#### Directions for this task:
Would you show every line from the records that holds "where"?

#### Provided information:

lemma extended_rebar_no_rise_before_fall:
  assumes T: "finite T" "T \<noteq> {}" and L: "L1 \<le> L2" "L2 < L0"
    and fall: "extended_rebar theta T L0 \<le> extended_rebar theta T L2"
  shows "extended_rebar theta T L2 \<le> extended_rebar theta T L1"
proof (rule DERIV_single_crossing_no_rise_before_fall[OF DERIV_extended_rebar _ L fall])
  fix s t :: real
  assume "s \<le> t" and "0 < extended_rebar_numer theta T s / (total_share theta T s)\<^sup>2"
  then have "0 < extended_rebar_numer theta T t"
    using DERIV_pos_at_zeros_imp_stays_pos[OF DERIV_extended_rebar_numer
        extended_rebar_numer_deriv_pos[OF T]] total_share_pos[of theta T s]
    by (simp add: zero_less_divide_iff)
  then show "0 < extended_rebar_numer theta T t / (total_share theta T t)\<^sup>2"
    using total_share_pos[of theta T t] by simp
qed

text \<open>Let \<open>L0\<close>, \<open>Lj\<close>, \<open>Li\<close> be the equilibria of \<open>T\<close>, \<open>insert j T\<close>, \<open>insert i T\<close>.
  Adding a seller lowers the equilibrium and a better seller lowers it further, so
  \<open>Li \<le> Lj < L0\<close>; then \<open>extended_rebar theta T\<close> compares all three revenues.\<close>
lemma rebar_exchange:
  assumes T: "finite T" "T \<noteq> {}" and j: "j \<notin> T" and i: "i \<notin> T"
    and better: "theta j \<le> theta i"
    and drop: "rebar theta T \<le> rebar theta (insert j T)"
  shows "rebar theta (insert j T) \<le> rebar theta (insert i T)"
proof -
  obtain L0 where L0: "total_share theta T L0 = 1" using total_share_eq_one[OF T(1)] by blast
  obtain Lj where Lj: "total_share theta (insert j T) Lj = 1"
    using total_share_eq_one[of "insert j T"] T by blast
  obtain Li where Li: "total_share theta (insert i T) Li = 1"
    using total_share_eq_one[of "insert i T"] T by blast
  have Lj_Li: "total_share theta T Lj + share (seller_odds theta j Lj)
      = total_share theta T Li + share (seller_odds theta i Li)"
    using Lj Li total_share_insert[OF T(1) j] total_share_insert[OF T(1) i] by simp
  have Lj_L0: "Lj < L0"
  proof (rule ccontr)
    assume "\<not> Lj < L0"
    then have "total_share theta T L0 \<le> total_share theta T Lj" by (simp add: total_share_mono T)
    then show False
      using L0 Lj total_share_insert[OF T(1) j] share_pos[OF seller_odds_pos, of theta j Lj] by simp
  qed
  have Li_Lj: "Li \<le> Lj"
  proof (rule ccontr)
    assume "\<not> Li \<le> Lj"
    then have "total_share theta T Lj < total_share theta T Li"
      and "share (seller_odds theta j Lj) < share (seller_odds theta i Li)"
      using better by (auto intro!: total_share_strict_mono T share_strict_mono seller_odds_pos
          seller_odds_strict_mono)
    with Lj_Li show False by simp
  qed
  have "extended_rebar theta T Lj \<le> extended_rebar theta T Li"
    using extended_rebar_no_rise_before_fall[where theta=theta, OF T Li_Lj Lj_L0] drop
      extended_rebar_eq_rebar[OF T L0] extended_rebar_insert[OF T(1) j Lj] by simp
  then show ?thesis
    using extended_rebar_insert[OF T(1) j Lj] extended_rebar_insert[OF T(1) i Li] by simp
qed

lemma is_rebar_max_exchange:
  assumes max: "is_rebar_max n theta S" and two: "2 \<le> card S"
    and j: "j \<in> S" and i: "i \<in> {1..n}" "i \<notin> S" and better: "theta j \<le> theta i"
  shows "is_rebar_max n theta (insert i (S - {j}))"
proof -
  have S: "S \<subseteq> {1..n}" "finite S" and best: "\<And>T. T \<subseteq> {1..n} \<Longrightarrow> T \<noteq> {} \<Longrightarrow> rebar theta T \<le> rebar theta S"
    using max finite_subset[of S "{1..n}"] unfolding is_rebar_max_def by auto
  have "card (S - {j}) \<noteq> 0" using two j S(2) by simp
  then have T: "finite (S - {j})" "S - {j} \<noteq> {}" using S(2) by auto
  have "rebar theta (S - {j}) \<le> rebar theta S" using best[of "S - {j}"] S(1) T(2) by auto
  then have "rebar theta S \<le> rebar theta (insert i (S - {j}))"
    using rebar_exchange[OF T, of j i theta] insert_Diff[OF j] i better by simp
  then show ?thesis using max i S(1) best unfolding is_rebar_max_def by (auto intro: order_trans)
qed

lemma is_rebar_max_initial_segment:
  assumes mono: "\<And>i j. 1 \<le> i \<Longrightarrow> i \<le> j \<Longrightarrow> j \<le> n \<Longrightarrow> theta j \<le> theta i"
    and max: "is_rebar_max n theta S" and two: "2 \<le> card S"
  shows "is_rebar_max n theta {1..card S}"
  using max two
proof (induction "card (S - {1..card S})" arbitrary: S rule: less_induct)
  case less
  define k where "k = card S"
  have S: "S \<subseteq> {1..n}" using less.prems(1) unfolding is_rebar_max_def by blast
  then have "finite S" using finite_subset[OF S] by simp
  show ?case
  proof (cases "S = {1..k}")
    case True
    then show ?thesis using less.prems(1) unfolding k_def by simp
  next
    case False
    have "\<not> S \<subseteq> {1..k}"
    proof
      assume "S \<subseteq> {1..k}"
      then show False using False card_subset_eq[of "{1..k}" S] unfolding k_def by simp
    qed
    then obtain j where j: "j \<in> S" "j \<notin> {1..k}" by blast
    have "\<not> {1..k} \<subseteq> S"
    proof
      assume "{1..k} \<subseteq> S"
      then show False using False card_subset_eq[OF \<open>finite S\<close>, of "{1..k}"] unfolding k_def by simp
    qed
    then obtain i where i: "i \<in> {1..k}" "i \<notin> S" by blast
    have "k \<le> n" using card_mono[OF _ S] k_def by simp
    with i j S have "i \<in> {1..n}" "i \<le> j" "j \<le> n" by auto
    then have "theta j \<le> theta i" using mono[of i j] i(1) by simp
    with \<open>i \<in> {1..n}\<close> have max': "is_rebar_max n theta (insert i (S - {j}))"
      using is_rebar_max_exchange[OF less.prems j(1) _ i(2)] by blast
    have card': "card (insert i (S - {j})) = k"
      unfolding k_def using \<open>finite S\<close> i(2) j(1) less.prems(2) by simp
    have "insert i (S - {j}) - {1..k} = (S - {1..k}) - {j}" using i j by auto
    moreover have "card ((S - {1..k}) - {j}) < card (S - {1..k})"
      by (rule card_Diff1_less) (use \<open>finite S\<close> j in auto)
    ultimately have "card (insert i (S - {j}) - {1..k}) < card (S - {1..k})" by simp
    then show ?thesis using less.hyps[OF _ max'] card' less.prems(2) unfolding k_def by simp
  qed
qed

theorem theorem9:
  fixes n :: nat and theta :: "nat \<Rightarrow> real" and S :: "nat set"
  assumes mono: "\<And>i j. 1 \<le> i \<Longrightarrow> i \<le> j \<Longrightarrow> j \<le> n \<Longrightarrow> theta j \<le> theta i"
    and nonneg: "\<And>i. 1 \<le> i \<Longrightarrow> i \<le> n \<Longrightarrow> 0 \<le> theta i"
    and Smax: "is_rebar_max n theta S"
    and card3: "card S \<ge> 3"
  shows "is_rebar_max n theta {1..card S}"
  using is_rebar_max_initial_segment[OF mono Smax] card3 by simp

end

#### Result of the exercise:
  obtain L0 where L0: "total_share theta T L0 = 1" using total_share_eq_one[OF T(1)] by blast
  obtain Lj where Lj: "total_share theta (insert j T) Lj = 1"
  obtain Li where Li: "total_share theta (insert i T) Li = 1"
    using extended_rebar_no_rise_before_fall[where theta=theta, OF T Li_Lj Lj_L0] drop
  define k where "k = card S"
    then obtain j where j: "j \<in> S" "j \<notin> {1..k}" by blast
    then obtain i where i: "i \<in> {1..k}" "i \<notin> S" by blast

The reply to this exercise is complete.